Drenik: What effect will this have on shoppers? Will they favor marketplaces over DTC? Or will they even notice the difference?

Hoerig: It’s likely shoppers will continue to flock to DTC options over marketplaces based on price alone. Inflation is on everyone’s minds right now, and consumers are on the lookout for deals. According to a recent Prosper Analytics & Insights survey, low prices (85%) led the list for the importance of services when shopping online. The DTC model lets brands lower their prices by cutting out the middleman, whether it’s a wholesaler or a marketplace, and eliminating associated facilitator costs.

Consumers are also drawn to the unique and memorable brand experiences offered by DTC options. For example, many DTC brands engage shoppers by replicating the in-store experience online. Nike in particular has invested heavily in this, with capabilities like scannable QR codes and augmented reality (AR) try-on that bridge the gap between digital commerce and in-store interaction.

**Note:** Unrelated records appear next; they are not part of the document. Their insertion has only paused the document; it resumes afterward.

lemma p0_mult_n: "p0 d D n \<xi> * real n = N"
proof -
  have "n > 0" using some_in_D by auto
  moreover have "(\<Sum>i\<in>{1..n}. of_bool (inD d D \<xi> i) :: real) = N"
    unfolding N_def I_def by (simp add: Int_def Collect_conj_eq[symmetric] conj_commute)
  ultimately show ?thesis unfolding p0_def by simp
qed

lemma pj_eq: "pj d L D h K n \<xi> j x = ksum j x / N"
  unfolding pj_def p0_mult_n ksum_def KH_def[symmetric] kern_def[symmetric] sum_mult_in_D
  by (simp add: divide_inverse mult.commute)

lemma pjk_div_pj: "pjk d L D h K n \<xi> j m x t / pj d L D h K n \<xi> j x = (\<Sum>i\<in>I. w j i x * kern m i t)"
proof -
  have "pjk d L D h K n \<xi> j m x t = (\<Sum>i\<in>I. kern j i x * kern m i t) / N"
    unfolding pjk_def p0_mult_n kern_def[symmetric] sum_mult_in_D by (simp add: divide_inverse mult.commute)
  then have "pjk d L D h K n \<xi> j m x t / pj d L D h K n \<xi> j x = (\<Sum>i\<in>I. kern j i x * kern m i t) / ksum j x"
    unfolding pj_eq using N_pos by simp
  then show ?thesis
    unfolding w_def sum_divide_distrib by simp
qed

lemma mj_eq: "mj d L D h K n \<xi> Y j x = (\<Sum>i\<in>I. w j i x *\<^sub>R Y i)"
proof -
  have "pj d L D h K n \<xi> j x * p0 d D n \<xi> * real n = ksum j x"
    unfolding mult.assoc p0_mult_n pj_eq using N_pos by simp
  then show ?thesis
    unfolding mj_def kern_def[symmetric] sum_scaleR_in_D w_def
    by (simp add: scaleR_sum_right divide_inverse mult.commute)
qed

lemma f0_eq: "f0 d D n \<xi> Y = inverse N *\<^sub>R (\<Sum>i\<in>I. Y i)"
  unfolding f0_def p0_mult_n sum_scaleR_in_D ..

lemma pD_eq: "pD d L D h K n \<xi> x = (\<Sum>i\<in>I. \<Prod>j\<in>J. kern j i (x j)) / N"
  unfolding pD_def p0_mult_n kern_def[symmetric] sum_mult_in_D by (simp add: divide_inverse mult.commute)

section \<open>Reduction to a finite coefficient system\<close>

definition "Ymean (Y :: nat \<Rightarrow> 'h::real_vector) = inverse N *\<^sub>R (\<Sum>i\<in>I. Y i)"

definition "Yc Y i = Y i - Ymean Y"

definition "smooth i m (\<beta> :: nat \<Rightarrow> nat \<Rightarrow> 'h::real_vector) = (\<Sum>l\<in>I. C m i l *\<^sub>R \<beta> l m)"

definition "wcomb (\<beta> :: nat \<Rightarrow> nat \<Rightarrow> 'h::real_vector) j x = (\<Sum>i\<in>I. w j i x *\<^sub>R \<beta> i j)"

definition "coef_system Y \<beta> \<longleftrightarrow> (\<forall>i\<in>I. \<forall>j\<in>J. \<beta> i j = Yc Y i - (\<Sum>m\<in>J-{j}. smooth i m \<beta>))"

lemma sum_Yc: "(\<Sum>i\<in>I. Yc Y i) = 0"
proof -
  have "real (card I) *\<^sub>R Ymean Y = (\<Sum>i\<in>I. Y i)"
    unfolding Ymean_def using N_pos by (simp add: N_def)
  then show ?thesis unfolding Yc_def by (simp add: sum_subtractf sum_constant_scaleR)
qed

lemma sum_smooth: "m \<in> J \<Longrightarrow> (\<Sum>i\<in>I. smooth i m \<beta>) = (\<Sum>l\<in>I. \<beta> l m)"
  unfolding smooth_def by (subst sum.swap) (simp add: scaleR_sum_left[symmetric] sum_C_column)

lemma smooth_shift: "m \<in> J \<Longrightarrow> i \<in> I \<Longrightarrow> smooth i m (\<lambda>l j. \<beta> l j - c j) = smooth i m \<beta> - c m"
  unfolding smooth_def by (simp add: scaleR_diff_right sum_subtractf scaleR_sum_left[symmetric] sum_C_row)

lemma smooth_diff: "smooth i m (\<lambda>i j. \<beta> i j - \<beta>' i j) = smooth i m \<beta> - smooth i m \<beta>'"
  unfolding smooth_def by (simp add: scaleR_diff_right sum_subtractf)

lemma wcomb_diff: "wcomb (\<lambda>i j. \<beta> i j - \<beta>' i j) j x = wcomb \<beta> j x - wcomb \<beta>' j x"
  unfolding wcomb_def by (simp add: scaleR_diff_right sum_subtractf)

lemma
  fixes \<beta> :: "nat \<Rightarrow> nat \<Rightarrow> 'h::{banach,second_countable_topology}"
  assumes m: "m \<in> J" and i: "i \<in> I"
  shows integrable_kern_wcomb: "integrable (M m) (\<lambda>t. kern m i t *\<^sub>R wcomb \<beta> m t)"
    and integral_kern_wcomb: "integral\<^sup>L (M m) (\<lambda>t. kern m i t *\<^sub>R wcomb \<beta> m t) = smooth i m \<beta>"
proof -
  have eq: "kern m i t *\<^sub>R wcomb \<beta> m t = (\<Sum>l\<in>I. (kern m i t * w m l t) *\<^sub>R \<beta> l m)" for t
    unfolding wcomb_def by (simp add: scaleR_sum_right)
  show "integrable (M m) (\<lambda>t. kern m i t *\<^sub>R wcomb \<beta> m t)"
    unfolding eq using m by (intro integral_sum_scaleR_bounded_meas(1) finite_I bounded_meas_mult) auto
  show "integral\<^sup>L (M m) (\<lambda>t. kern m i t *\<^sub>R wcomb \<beta> m t) = smooth i m \<beta>"
    unfolding eq smooth_def C_def using m
    by (subst integral_sum_scaleR_bounded_meas(2)) (auto intro!: finite_I bounded_meas_mult)
qed

lemma
  fixes g :: "(nat \<Rightarrow> real) \<Rightarrow> 'h::{banach,second_countable_topology}"
  assumes m: "m \<in> J" and int: "\<And>i. i \<in> I \<Longrightarrow> integrable (M m) (\<lambda>t. kern m i t *\<^sub>R g t)"
  shows set_integrable_SBF_term:
      "set_integrable (Leb (L m)) (D m) (\<lambda>t. (pjk d L D h K n \<xi> j m x t / pj d L D h K n \<xi> j x) *\<^sub>R g t)"
    and SBF_term_eq: "(LINT t:D m|Leb (L m). (pjk d L D h K n \<xi> j m x t / pj d L D h K n \<xi> j x) *\<^sub>R g t)
      = (\<Sum>i\<in>I. w j i x *\<^sub>R integral\<^sup>L (M m) (\<lambda>t. kern m i t *\<^sub>R g t))"
proof -
  have eq: "(pjk d L D h K n \<xi> j m x t / pj d L D h K n \<xi> j x) *\<^sub>R g t
      = (\<Sum>i\<in>I. w j i x *\<^sub>R (kern m i t *\<^sub>R g t))" for t
    unfolding pjk_div_pj by (simp add: scaleR_sum_left)
  show "set_integrable (Leb (L m)) (D m) (\<lambda>t. (pjk d L D h K n \<xi> j m x t / pj d L D h K n \<xi> j x) *\<^sub>R g t)"
    unfolding integrable_M[OF m, symmetric] eq
    by (intro Bochner_Integration.integrable_sum integrable_scaleR_right int)
  show "(LINT t:D m|Leb (L m). (pjk d L D h K n \<xi> j m x t / pj d L D h K n \<xi> j x) *\<^sub>R g t)
      = (\<Sum>i\<in>I. w j i x *\<^sub>R integral\<^sup>L (M m) (\<lambda>t. kern m i t *\<^sub>R g t))"
    unfolding integral_M[OF m, symmetric] eq
    by (subst Bochner_Integration.integral_sum)
      (auto simp only: Bochner_Integration.integral_scaleR_right intro!: integrable_scaleR_right int)
qed

lemma SBF_rhs_wcomb:
  assumes j: "j \<in> J" and x: "x \<in> D j"
  shows "mj d L D h K n \<xi> Y j x - f0 d D n \<xi> Y - (\<Sum>m\<in>J-{j}. \<Sum>i\<in>I. w j i x *\<^sub>R Z i m)
    = wcomb (\<lambda>i j. Yc Y i - (\<Sum>m\<in>J-{j}. Z i m)) j x"
proof -
  have "wcomb (\<lambda>i j. Yc Y i - (\<Sum>m\<in>J-{j}. Z i m)) j x =
      (\<Sum>i\<in>I. w j i x *\<^sub>R Y i) - (\<Sum>i\<in>I. w j i x) *\<^sub>R Ymean Y - (\<Sum>i\<in>I. \<Sum>m\<in>J-{j}. w j i x *\<^sub>R Z i m)"
    unfolding wcomb_def Yc_def
    by (simp add: scaleR_diff_right sum_subtractf scaleR_sum_right scaleR_sum_left)
  then show ?thesis
    unfolding mj_eq f0_eq Ymean_def[symmetric] sum_w[OF j x] by (simp add: sum.swap[of _ I])
qed

lemma SBF_system_wcomb:
  fixes Y :: "nat \<Rightarrow> 'h::{banach,second_countable_topology}"
  assumes sys: "coef_system Y \<beta>"
  shows "SBF_system d L D h K n \<xi> Y (wcomb \<beta>)"
  unfolding SBF_system_def
proof (intro ballI conjI)
  fix j x assume j: "j \<in> J" and x: "x \<in> D j"
  show "set_integrable (Leb (L m)) (D m)
      (\<lambda>t. (pjk d L D h K n \<xi> j m x t / pj d L D h K n \<xi> j x) *\<^sub>R wcomb \<beta> m t)" if "m \<in> J - {j}" for m
    using that by (intro set_integrable_SBF_term integrable_kern_wcomb) auto
  have "(\<Sum>m\<in>J-{j}. LINT t:D m|Leb (L m). (pjk d L D h K n \<xi> j m x t / pj d L D h K n \<xi> j x) *\<^sub>R wcomb \<beta> m t)
      = (\<Sum>m\<in>J-{j}. \<Sum>i\<in>I. w j i x *\<^sub>R smooth i m \<beta>)"
    by (intro sum.cong refl) (simp add: SBF_term_eq integrable_kern_wcomb integral_kern_wcomb)
  moreover have "wcomb \<beta> j x = wcomb (\<lambda>i j. Yc Y i - (\<Sum>m\<in>J-{j}. smooth i m \<beta>)) j x"
    unfolding wcomb_def using sys j unfolding coef_system_def by (intro sum.cong) auto
  ultimately show "wcomb \<beta> j x = mj d L D h K n \<xi> Y j x - f0 d D n \<xi> Y -
      (\<Sum>m\<in>J-{j}. LINT t:D m|Leb (L m). (pjk d L D h K n \<xi> j m x t / pj d L D h K n \<xi> j x) *\<^sub>R wcomb \<beta> m t)"
    using SBF_rhs_wcomb[OF j x, of Y "\<lambda>i m. smooth i m \<beta>"] by simp
qed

When it comes to DTC, experiences like these will keep shoppers coming back.

Drenik: DTC is an undertaking for brands, even established ones. How do they make this decision, and how can they execute it without too many bumps in the road?

Hoerig: For brands that are used to selling through third parties, DTC is a major shift in their approach to selling. They have to learn to engage customers directly across every channel they’re on, from direct mail to email to social media. They also need to deliver seamless online experiences that are on par with those offered by major retailers and marketplaces.

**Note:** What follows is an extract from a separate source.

(* Let $E$ be a Banach space, $T\colon\ell^1\to E$ a continuous linear operator with $T(e_n)\neq0$ for all $n$, and $p>1$. (a) If $T$ is $p$-power dominated and admits a continuous linear extension to $\ell^p$, then $\ell^1\subset\ell^{1/p}(m_T)$, $T=I_{m_T}$ on $\ell^1$, and $I_{m_T}\colon\ell^{1/p}(m_T)\to E$ is $\frac1p$-th power factorable with a continuous extension; moreover this is optimal: whenever $\xi$ is a measure on $\mathcal P(\mathbb N)$, $Z(\xi)$ is a $\sigma$-order continuous quasi-Banach function space with $\ell^1\subset Z(\xi)$ (via $[i]$), and $S\colon Z(\xi)\to E$ is linear, equal to $T$ on $\ell^1$, and $\frac1p$-th power factorable with a continuous extension, then $Z(\xi)\subset\ell^{1/p}(m_T)$ (via $[i]$) and $S=I_{m_T}$ on $Z(\xi)$. (b) If $T$ is $\frac1p$-power dominated, then $\ell^1\subset\ell^1(m_T)$, $T=I_{m_T}$ on $\ell^1$, and $I_{m_T}\colon\ell^1(m_T)\to E$ is $\frac1p$-th power factorable with a continuous extension; moreover this is optimal: whenever $\xi$ is a measure on $\mathcal P(\mathbb N)$, $Z(\xi)$ is a $\sigma$-order continuous quasi-Banach function space with $\ell^1\subset Z(\xi)$ (via $[i]$), and $S\colon Z(\xi)\to E$ is linear, equal to $T$ on $\ell^1$, and $\frac1p$-th power factorable with a continuous extension, then $Z(\xi)\subset\ell^1(m_T)$ (via $[i]$) and $S=I_{m_T}$ on $Z(\xi)$.
   Context: $e_n=\chi_{\{n\}}$; $\ell^0$ is the space of real sequences; $\mathcal P_F(\mathbb N)$ the $\delta$-ring of finite subsets of $\mathbb N$. $m_T\colon\mathcal P_F(\mathbb N)\to E$, $m_T(A)=T(\chi_A)$, is a vector measure whose only null set is $\emptyset$; $|x^*m_T|$ is the variation of $x^*\circ m_T$ on $\mathcal P(\mathbb N)$. $\ell^1(m_T)$ is the set of $x\in\ell^0$ with $x\in L^1(|x^*m_T|)$ for all $x^*\in E^*$ and such that for each $A\subset\mathbb N$ there is $\int_Ax\,dm_T\in E$ with $x^*(\int_Ax\,dm_T)=\int_Ax\,dx^*m_T$; norm $\sup_{x^*\in B_{E^*}}\int|x|d|x^*m_T|$; $I_{m_T}(x)=\int_{\mathbb N}x\,dm_T$. $\ell^r(m_T)=\{x:|x|^r\in\ell^1(m_T)\}$ with quasi-norm $\||x|^r\|_{\ell^1(m_T)}^{1/r}$. For $0<r<\infty$, $T$ is $r$-power dominated if there is $C>0$ with $\|\sum_{j\in F}x_j^rT(e_j)\|_E^{1/r}\le C\sup_{N\subset F}\|\sum_{j\in N}x_jT(e_j)\|_E$ for all finite $F\subset\mathbb N$, $(x_j)_{j\in F}\subset[0,\infty)$. Quasi-Banach function space $Z(\xi)$: a subspace of $\xi$-a.e. classes of sequences, solid ($|g|\le|f|$ a.e., $f\in Z\Rightarrow g\in Z$), complete under a quasi-norm ($\|x+y\|\le K(\|x\|+\|y\|)$) monotone for the a.e. order; $\sigma$-order continuous if $f_n\downarrow0$ a.e. $\Rightarrow\|f_n\|\to0$. For such $Z(\xi)$ and $q\in(0,\infty)$, $Z(\xi)^q=\{f:|f|^q\in Z(\xi)\}$; a linear $R\colon Z(\xi)\to E$ is $\frac1p$-th power factorable with a continuous extension if it has a continuous linear extension to $Z(\xi)^{p}+Z(\xi)$ (quasi-normed by $\inf(\||f_1|^p\|_{Z}^{1/p}+\|f_2\|_Z)$ over decompositions $f=f_1+f_2$). The inclusion "$\ell^1\subset Z(\xi)$ via $[i]$" means every sequence in $\ell^1$, viewed as a $\xi$-class, lies in $Z(\xi)$; "$Z(\xi)\subset\ell^{r}(m_T)$ via $[i]$" means $\xi$-null sets are empty (i.e. $\xi(\{n\})>0$ for all $n$) and every element of $Z(\xi)$ lies in $\ell^r(m_T)$. *)

theory Defs
  imports "HOL-Analysis.Analysis"
begin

Brands also need to pivot those experiences quickly to keep up with shifting customer preferences. The past few years have brought on the rapid rise of new commerce trends such as single-click checkout. Right now, social media-based selling is hot. According to a recent Prosper Analytics & Insights survey, 39% of consumers use the “shop now” button to buy products on Facebook at least occasionally, and 29% do the same on Instagram. The brands that don’t hop on these trends quickly will disappoint shoppers and miss out on market share as customers move to brands that provide these experiences.

Ultimately if your brand is trying out DTC, it’s important to take a look at your tech stack and consider modernizing your digital commerce backend. In today’s rapidly evolving trend landscape, you don’t want to be locked into legacy solutions that require lots of coding or take days or weeks to update. A headless commerce approach takes advantage of APIs and other flexible, cloud-native technologies to enable nimble shifts in approach.

By making it easier to test out new capabilities—for example, adding a BNPL widget to your checkout page or setting up social selling—headless commerce encourages experimentation. Your brand shouldn’t invest heavily in every new commerce trend, but you should at least test most of them, paying attention to the trends your customers are most interested in. By evaluating trends, you can quickly discover which capabilities work best for your brand and your audience and build a robust DTC strategy around them.

Drenik: Thank you Dirk for your insights on the rise of DTC and how brands can capitalize on it. This is definitely a trend that will continue to reshape retail markets — and brand’s digital commerce strategies — for the foreseeable future.